I sort of hated to do it…

I knew it would happen, I knew it was coming. It’s been peeking its head around corners as I approach, showing itself a little time to time. I knew it would soon be upon them, but it hurt to watch it make its formal introductions.

When I read the book this summer at the pool, I knew I would have to share it in class. Maybe I couldn’t get the whole book into them, but I had to read that story.  They don’t know much about treachery and treason. They don’t really know what it is to have those that they love surrounded or sold out. We rarely come anywhere near capital “D,” Despair – systematic, crushing despair.  Their and my “worse” day anecdotes aren’t within the universe of the kind of horror and unmolested wickedness the story calmly relays. They pay cinematographers to scare them – because their fears are few.

Adulthood sat down and said hello today in my classroom. It didn’t offer them credit or give them a voter registration card or a draft card. It just told them something that is very hard to hear – the whole story. It wasn’t the glamorized, or softened or sweetened (with a big slice of Apple pie story). The plain story showed up today. It was brutal to share it, to watch them involuntarily twist and turn away  internally, like we all do.

Some swallowed hard and said, “Okay, I will be human, however much it hurts. I will not  turn my ear or  turn up the volume of my ipod.”  Some began to grapple with the how of that. Some turned away to grow colder and less.

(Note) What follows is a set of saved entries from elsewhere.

(* For every $a\in C\ell_{1,2}$, $\det(L(a))=\det(R(a))=(N(a)^2+4T(a)^2)^2=P(a)^2$.
   Context: $C\ell_{1,2}$ is the real Clifford algebra generated by $i_1,i_2,i_3$ with $i_1^2=1$, $i_2^2=i_3^2=-1$ and $i_ti_m=-i_mi_t$ for $t\neq m$, with real basis $e_0=1$, $e_1=i_1$, $e_2=i_2$, $e_3=i_1i_2$, $e_4=i_3$, $e_5=i_1i_3$, $e_6=i_2i_3$, $e_7=i_1i_2i_3$. For $x=\sum_{t=0}^7x_te_t$ write $\overrightarrow{x}=(x_0,\dots,x_7)^T\in\mathbb{R}^8$. For $a\in C\ell_{1,2}$, $L(a)$ and $R(a)$ are the real $8\times8$ matrices with $\overrightarrow{ax}=L(a)\overrightarrow{x}$ and $\overrightarrow{xa}=R(a)\overrightarrow{x}$ for all $x$. For $a=\sum a_te_t$: $N(a)=a_0^2-a_1^2+a_2^2-a_3^2+a_4^2-a_5^2+a_6^2-a_7^2$, $T(a)=a_0a_7+a_2a_5-a_1a_6-a_3a_4$, $P(a)=N(a)^2+4T(a)^2$. *)

theory Defs
  imports "HOL-Analysis.Analysis" "HOL-Library.Numeral_Type"
begin

text \<open>Elements of Cl_{1,2} are identified with their coordinate vectors in R^8
  w.r.t. the basis e_0,...,e_7. The basis element e_t corresponds to the bitmask t:
  bit 0 = i1, bit 1 = i2, bit 2 = i3 (so e_3 = i1 i2, e_5 = i1 i3, e_6 = i2 i3, e_7 = i1 i2 i3).\<close>

type_synonym cl12 = "real ^ 8"

definition coord :: "cl12 \<Rightarrow> nat \<Rightarrow> real" where
  "coord x t = x $ (of_nat t :: 8)"

definition gen_sq :: "nat \<Rightarrow> real" where
  "gen_sq b = (if b = 0 then 1 else -1)"

text \<open>Sign of the product of basis blades e_A e_B = blade_sign A B * e_(A xor B):
  anticommutation swaps plus squares of common generators.\<close>
definition blade_sign :: "nat \<Rightarrow> nat \<Rightarrow> real" where
  "blade_sign A B =
     (-1) ^ card {(a, b). a < 3 \<and> b < 3 \<and> bit A a \<and> bit B b \<and> b < a}
     * (\<Prod>b\<in>{b. b < 3 \<and> bit A b \<and> bit B b}. gen_sq b)"

definition basis_cl :: "nat \<Rightarrow> cl12" where
  "basis_cl t = (\<chi> k. if k = (of_nat t :: 8) then 1 else 0)"

definition clmul :: "cl12 \<Rightarrow> cl12 \<Rightarrow> cl12" where
  "clmul x y = (\<Sum>i<8. \<Sum>j<8. (coord x i * coord y j * blade_sign i j) *\<^sub>R basis_cl (xor i j))"

definition Lmat :: "cl12 \<Rightarrow> real ^ 8 ^ 8" where
  "Lmat a = matrix (\<lambda>x. clmul a x)"

definition Rmat :: "cl12 \<Rightarrow> real ^ 8 ^ 8" where
  "Rmat a = matrix (\<lambda>x. clmul x a)"

definition Nf :: "cl12 \<Rightarrow> real" where
  "Nf a = (coord a 0)^2 - (coord a 1)^2 + (coord a 2)^2 - (coord a 3)^2
         + (coord a 4)^2 - (coord a 5)^2 + (coord a 6)^2 - (coord a 7)^2"

definition Tf :: "cl12 \<Rightarrow> real" where
  "Tf a = coord a 0 * coord a 7 + coord a 2 * coord a 5 - coord a 1 * coord a 6 - coord a 3 * coord a 4"

definition Pf :: "cl12 \<Rightarrow> real" where
  "Pf a = (Nf a)^2 + 4 * (Tf a)^2"

end

(*
  Since e7 = i1 i2 i3 is central with e7^2 = -1, Cl_{1,2} is an algebra over C = R + R e7, in fact
  the algebra of complex 2x2 matrices. With the idempotent p = (1 + e1)/2 one has
  Cl_{1,2} = Cl_{1,2} p + Cl_{1,2} p e2, and left multiplication by a acts on both summands, in the
  complex bases (p, e2 p) and (p e2, e2 p e2), by the same complex 2x2 matrix M(a). Hence
  det L(a) = |det M(a)|^4, and |det M(a)|^2 = N(a)^2 + 4 T(a)^2 = P(a). Right multiplication by a
  is conjugate, via the reversion anti-automorphism, to left multiplication by the reversion of a,
  which only changes the sign of T.
*)
theory Submission
  imports Defs "Jordan_Normal_Form.Determinant"
begin

hide_const (open) Determinant.det
no_notation Matrix.vec_index (infixl "$" 100)

lemma det_cart_eq_det_mat:
  fixes A :: "'a::comm_ring_1^'n^'n"
  assumes h: "bij_betw h {0..<n} UNIV"
  shows "det A = Determinant.det (Matrix.mat n n (\<lambda>(i, j). A $ h i $ h j))"
proof -
  define g where "g = inv_into {0..<n} h"
  have g: "bij_betw g UNIV {0..<n}"
    unfolding g_def using h by (rule bij_betw_inv_into)
  have h_g [simp]: "h (g i) = i" for i
    unfolding g_def using h by (simp add: bij_betw_inv_into_right)
  have g_h [simp]: "g (h k) = k" if "k < n" for k
    unfolding g_def using h that by (simp add: bij_betw_inv_into_left)
  have "(\<Sum>p | p permutes (UNIV :: 'n set). of_int (sign p) * (\<Prod>i\<in>UNIV. A $ i $ p i))
      = (\<Sum>q | q permutes {0..<n}. of_int (sign q) * (\<Prod>k=0..<n. A $ h k $ h (q k)))"
  proof (rule sum.reindex_bij_witness[where j = "map_permutation UNIV g"
                                        and i = "map_permutation {0..<n} h"])
    fix p :: "'n \<Rightarrow> 'n" assume "p \<in> {p. p permutes UNIV}"
    then have p: "p permutes UNIV" by simp
    show "map_permutation {0..<n} h (map_permutation UNIV g p) = p"
      using p g by (auto intro!: map_permutation_compose_inv)
    show "map_permutation UNIV g p \<in> {q. q permutes {0..<n}}"
      using p g by (auto intro!: map_permutation_permutes)
    let ?q = "map_permutation UNIV g p"
    have "h (?q k) = p (h k)" if "k < n" for k
      using map_permutation_apply[of g UNIV "h k" p] g that
      by (simp add: bij_betw_def)
    then have "(\<Prod>k=0..<n. A $ h k $ h (?q k)) = (\<Prod>k=0..<n. A $ h k $ p (h k))"
      by (intro prod.cong) auto
    also have "\<dots> = (\<Prod>i\<in>UNIV. A $ i $ p i)"
      using h by (rule prod.reindex_bij_betw)
    finally show "of_int (sign ?q) * (\<Prod>k=0..<n. A $ h k $ h (?q k))
        = of_int (sign p) * (\<Prod>i\<in>UNIV. A $ i $ p i)"
      using sign_map_permutation[of g UNIV p] g p by (simp add: bij_betw_def)
  next
    fix q assume "q \<in> {q. q permutes {0..<n}}"
    then have q: "q permutes {0..<n}" by simp
    show "map_permutation UNIV g (map_permutation {0..<n} h q) = q"
      using q h by (auto intro!: map_permutation_compose_inv)
    show "map_permutation {0..<n} h q \<in> {p. p permutes UNIV}"
      using q h by (auto intro!: map_permutation_permutes)
  qed
  also have "\<dots> = Determinant.det (Matrix.mat n n (\<lambda>(i, j). A $ h i $ h j))"
    unfolding Determinant.det_def by (auto intro!: sum.cong prod.cong simp: permutes_in_image)
  finally show ?thesis
    unfolding Determinants.det_def .
qed

definition complex_block :: "complex \<Rightarrow> real mat" where
  "complex_block z = Matrix.mat 2 2 (\<lambda>(i, j). if i = j then Re z else if i = 0 then - Im z else Im z)"

lemma complex_block_carrier [simp]: "complex_block z \<in> carrier_mat 2 2"
  by (simp add: complex_block_def)

lemma complex_block_mult: "complex_block z * complex_block w = complex_block (z * w)"
proof (rule eq_matI)
  fix i j assume "i < dim_row (complex_block (z * w))" "j < dim_col (complex_block (z * w))"
  then have "i < 2" "j < 2" by (simp_all add: complex_block_def)
  then show "(complex_block z * complex_block w) $$ (i, j) = complex_block (z * w) $$ (i, j)"
    by (auto simp: less_Suc_eq numeral_eq_Suc complex_block_def scalar_prod_def)
qed (simp_all add: complex_block_def)

lemma complex_block_diff: "complex_block z - complex_block w = complex_block (z - w)"
  by (rule eq_matI) (auto simp: complex_block_def)

lemma det_complex_block: "Determinant.det (complex_block z) = (cmod z)\<^sup>2"
proof -
  have minor_0: "mat_delete (complex_block z) 0 0 = Matrix.mat 1 1 (\<lambda>_. Re z)"
    by (rule eq_matI) (auto simp: mat_delete_def complex_block_def)
  have minor_1: "mat_delete (complex_block z) 1 0 = Matrix.mat 1 1 (\<lambda>_. - Im z)"
    by (rule eq_matI) (auto simp: mat_delete_def complex_block_def)
  have entries: "complex_block z $$ (0, 0) = Re z" "complex_block z $$ (1, 0) = Im z"
    by (simp_all add: complex_block_def)
  have "Determinant.det (complex_block z) = (\<Sum>i<2. complex_block z $$ (i, 0) * cofactor (complex_block z) i 0)"
    by (rule laplace_expansion_column[OF complex_block_carrier]) simp
  also have "\<dots> = complex_block z $$ (0, 0) * cofactor (complex_block z) 0 0
      + complex_block z $$ (1, 0) * cofactor (complex_block z) 1 0"
    by (simp add: eval_nat_numeral)
  also have "\<dots> = (Re z)\<^sup>2 + (Im z)\<^sup>2"
    unfolding cofactor_def minor_0 minor_1 entries by (simp add: det_single power2_eq_square)
  finally show ?thesis by (simp add: cmod_power2)
qed

lemma det_four_block_complex_block:
  "Determinant.det (four_block_mat (complex_block z1) (complex_block z2) (complex_block z3) (complex_block z4))
     = (cmod (z1 * z4 - z2 * z3))\<^sup>2"
proof -
  have "complex_block z3 * complex_block z4 = complex_block z4 * complex_block z3"
    by (simp add: complex_block_mult mult.commute)
  then have "Determinant.det (four_block_mat (complex_block z1) (complex_block z2) (complex_block z3) (complex_block z4))
      = Determinant.det (complex_block z1 * complex_block z4 - complex_block z2 * complex_block z3)"
    by (intro det_four_block_mat[where n = 2]) simp_all
  then show ?thesis by (simp add: complex_block_mult complex_block_diff det_complex_block)
qed

lemma less_8_cases:
  "(n::nat) < 8 \<Longrightarrow> n = 0 \<or> n = 1 \<or> n = 2 \<or> n = 3 \<or> n = 4 \<or> n = 5 \<or> n = 6 \<or> n = 7"
  by auto

lemma forall_less_8:
  "(\<forall>i<8. P i) \<longleftrightarrow> P 0 \<and> P 1 \<and> P 2 \<and> P 3 \<and> P 4 \<and> P 5 \<and> P 6 \<and> P (7::nat)"
  by (auto dest!: less_8_cases)

lemma sum_less_8: "(\<Sum>k\<in>{0..<8::nat}. f k) = f 0 + f 1 + f 2 + f 3 + f 4 + f 5 + f 6 + f 7"
  by (simp add: eval_nat_numeral)

lemma bij_betw_of_nat_8: "bij_betw (of_nat :: nat \<Rightarrow> 8) {0..<8} UNIV"
proof -
  have inj: "inj_on (of_nat :: nat \<Rightarrow> 8) {0..<8}"
    by (auto simp: inj_on_def dest!: less_8_cases)
  then have "card ((of_nat :: nat \<Rightarrow> 8) ` {0..<8}) = CARD(8)"
    by (simp add: card_image)
  then have "(of_nat :: nat \<Rightarrow> 8) ` {0..<8} = UNIV"
    by (intro card_subset_eq) auto
  with inj show ?thesis by (simp add: bij_betw_def)
qed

I remember such a critical mass moment – when posture and action became the yardsticks of faith, not beliefs and quippy answers. I remember choosing (relenting might be better), not much older than they, to let God show me what was and what He thought about it, and wished to do about it. I remember the press of thousands of other ways of seeing and perceiving and walking out my life…And I remember in anguish crying out, “God, where, where else can I go? ”

At a certain point, the child concedes to something more knowledgeable if not knowing.  That acknowledgement is the entry gate. Adulthood begins when we acknowledge His sufferings – all around us.

Then Good and  Evil assail our opening eyes and we understand why Genesis God so sought to save that meal for Himself. When we know, too, we are twisted and pierced as well.

“Crude,” by Sonia Shah is an important bit of journalistic literature. Well worthy of a read.